As the second youngest faculty member to be appointed in the history of the Jacobs School of Music at Indiana University, Colón is also known as a pedagogue. He has offered courses at the Conservatoire de Paris, the Geneva Conservatoire, the Franz Liszt Academy of Music, and Toho Gakuen in Tokyo. He is also on faculty at the International Festival-Institute at Round Top in Texas and Chamber Music Unbound at the Mammoth Lakes Music Festival in California.

As President of the American Cello Institute, he is the founder and artistic director of its main project, the International Chamber Orchestra of Puerto Rico. A 501(c)3 non-profit organization, it has won consecutive awards from the National Endowment for the Arts, National Endowment for the Humanities, and Puerto Rican Foundation for the Humanities, and awards from the Titin Foundation and Flamboyan Foundation for providing free access to the arts through concerts, young artist fellowships and outreach events for underserved communities in Puerto Rico and throughout the Caribbean, US and Canada through educational televised programming.

As host and producer of the television series "Beethoven in the Caribbean" and "Music and Puerto Rico," Emilio is an advocate of making classical music accessible and engaging in the digital world, appearing on CBS Puerto Rico, ABC USVI, NBC and the CW in markets in Puerto Rico, Caribbean, USA, Canada & Guam.

== Education ==
Colón received a bachelor's degree from the Puerto Rico Conservatory of Music in 1986 as a student of Joaquín Vidaechea, where he won the Pablo Casals Medal upon graduation. As a student and teaching assistant to the distinguished cellist and pedagogue Janos Starker, Colón earned a master's degree from the Indiana University Jacobs School of Music in 1989. He won first prize at the Las Americas Festival Solo Competition. Colón plays on an Amati Cello from 1690 and a Dominique Peccatte bow.

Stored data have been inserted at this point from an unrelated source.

(* Since
   tails agree trivially at non-branching vertices, this is constant along edges, and it
   fails only if heads agree at v. *)
definition keeps_orientation :: "'a \<Rightarrow> bool" where
  "keeps_orientation v \<longleftrightarrow> (\<forall>u. u = v \<or> (v, u) \<in> E \<longrightarrow> tails_agree u)"

lemma keeps_orientation_tails: "keeps_orientation v \<Longrightarrow> tails_agree v"
  by (simp add: keeps_orientation_def)

(* If the orientation is not kept at v, some branching vertex in the closed neighbourhood
   of v has agreeing heads, and this propagates to v. *)
lemma reverses_orientation_heads:
  assumes "\<not> keeps_orientation v"
  shows "heads_agree v"
proof -
  obtain u where u: "u = v \<or> (v, u) \<in> E" and "\<not> tails_agree u"
    using assms by (auto simp: keeps_orientation_def)
  then have "heads_agree u" "branching E u"
    using tails_or_heads_agree agree_iff_not_branching by blast+
  with u show ?thesis using heads_agree_spreads edge_sym by blast
qed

The given name of Emilio Colón is Emilio W. Colón. Colón, or Professor Colón, as he is affectionately called by his students at Indiana University.

== Recordings ==

- Title: Esencia, Klavier label

Co-producer for the album, arranger, and cello soloist

Description: All new arrangements by Emilio Colón for cello and piano

Program:
Lecuona: Danzas Afro-Cubanas
Ginastera: Danzas Argentinas
Piazzolla: Nuevo Tango:
Oblivion, Tzigane Tango, Milonga del Angel, Muerte del Angel
Danzas Célebres Puertorriqueñas
Morel Campos: Felices Días
Mislán: Tu y Yo
Miranda: Impromptu, Op.10
Colón: Armando's Waltz for Cello and Piano (premiere)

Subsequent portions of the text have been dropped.